Sostenidas por un paquete de subsidios que en lo que va del actual período kirchnerista acumula $ 216.000 millones, equivalentes a US$ 2.160 millones, lo que sigue son las tarifas del transporte público. Aquí la suba anota 30% en un año y medio o 46 puntos menos que la inflación.
Por si se hace falta aclararlo, el billón de pesos que suman ambos segmentos del sistema sale del Estado, de los impuestos. Aunque el Gobierno los convierta en instrumentos de campaña.
Y ahora, el caso de un precio alrededor del cual baila gran parte del país, por lo que fuese, generalmente por las malas. Desde enero de 2020 la cotización del dólar oficial marca 62%, si se quiere modestos 14 puntos por debajo de la inflación.

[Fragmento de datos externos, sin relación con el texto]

lemma rows_parallel_if_independent:
  fixes m0 m1 :: "nat \<Rightarrow> complex"
  assumes det: "m0 0 * m1 1 - m0 1 * m1 0 \<noteq> 0"
    and h0: "\<forall>c<d. (\<Sum>i<2. m0 i * h i c) = t0 * \<chi> c"
    and h1: "\<forall>c<d. (\<Sum>i<2. m1 i * h i c) = t1 * \<chi> c"
  shows "\<exists>r. \<forall>i<2. \<forall>c<d. h i c = r i * \<chi> c"
proof -
  define D where "D = m0 0 * m1 1 - m0 1 * m1 0"
  \<comment> \<open>Cramer's rule for the 2 x 2 system with rows m0, m1.\<close>
  have "D * h 0 c = (m1 1 * t0 - m0 1 * t1) * \<chi> c \<and> D * h 1 c = (m0 0 * t1 - m1 0 * t0) * \<chi> c"
    if "c < d" for c
  proof -
    have "D * h 0 c = m1 1 * (\<Sum>i<2. m0 i * h i c) - m0 1 * (\<Sum>i<2. m1 i * h i c)"
      and "D * h 1 c = m0 0 * (\<Sum>i<2. m1 i * h i c) - m1 0 * (\<Sum>i<2. m0 i * h i c)"
      by (simp_all add: D_def sum_lessThan_2 algebra_simps)
    then show ?thesis
      using h0 h1 that by (simp add: algebra_simps)
  qed
  then show ?thesis
    using det unfolding D_def[symmetric]
    by (intro exI[of _ "\<lambda>i. if i = 0 then (m1 1 * t0 - m0 1 * t1) / D else (m0 0 * t1 - m1 0 * t0) / D"])
      (auto simp: all_less_2 field_simps)
qed

lemma cond_prob_ex_pos:
  assumes "cond_prob p" "x < 2"
  shows "\<exists>a<2. 0 < p a x"
proof -
  have "(\<Sum>a<2. p a x) = 1"
    using assms unfolding cond_prob_def by blast
  then show ?thesis
    using ex_pos_if_sum_eq_1 by fastforce
qed

lemma density_op_ex_diag_nonzero:
  assumes "density_op d \<rho>"
  shows "\<exists>c<d. \<rho> c c \<noteq> 0"
proof (rule ccontr)
  assume "\<not> ?thesis"
  then have "trace_op d \<rho> = 0"
    by (simp add: trace_op_def)
  with assms show False
    by (simp add: density_op_def)
qed

lemma proj_meas2_sum_outcomes:
  "proj_meas2 P \<Longrightarrow> i < 2 \<Longrightarrow> j < 2 \<Longrightarrow> (\<Sum>a<2. P a i j) = (if i = j then 1 else 0)"
  by (simp add: proj_meas2_def sum_lessThan_2)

El punto es que en el medio se cruza una desarticulante brecha cambiaria del 86% contra el blue, el dólar que anda en 181 pesos y al que le temen los políticos del gobierno.
El problema o el gran problema con precios que han subido 110%, 9%, 86, 30 o 62% y que incluso han bajado 19%, como el salario real del sector privado, está justamente ahí. En una estructura desestructurada, insostenible, injusta y siempre abierta al riesgo de desatar consecuencias bajo formas imprevisibles o previsibles, pero no de las mejores.
Tenemos, pues, brechas de precios para todos los gustos y de todos los tamaños, como una del tipo general que el INDEC publica regularmente en sus estadísticas y para registrar, justamente, esa muy extendida dualidad. La de julio señala que en los últimos doce meses el encarecimiento de los bienes le ha sacado 20 puntos de ventaja a la suba de los servicios.
Está claro que el retraso de los precios respecto de los costos de producción o de generación, por ejemplo, no puede ser una política en sí misma ni prolongarse indefinidamente sin que el problema se dispare bajo algún formato. Entre ellas, algunas de las conocidas: la escasez y la calidad de los bienes y servicios involucrados en el problema o las trampas en las cantidades y los pesos.
Hacia mediados de octubre pasado, Cristina Kirchner promovió la convocatoria a un gran y variado acuerdo nacional para enfrentar el que, a su juicio, “es el más grave problema que tiene nuestro país”: el bimonetarismo. Con la brecha cambiaria rondando el 90% más que a una sentencia excesiva, el comentario sonó a intento de compartir un problema que le tocaba resolver a su gobierno.
Pasados diez meses, la brecha anda cómoda en la zona del 80%, el problema que Cristina pretendía diluir sigue igual o peor y la inflación resiste, viva y coleando por todas partes. Con una buena dosis de incertidumbre incorporada, reservas apretadas y presión cambiaria, tenemos el cóctel que explica por qué y al precio que sea el dólar es el mismo refugio de siempre. Luego, el bimonetarismo es la consecuencia de los desajustes, no la causa.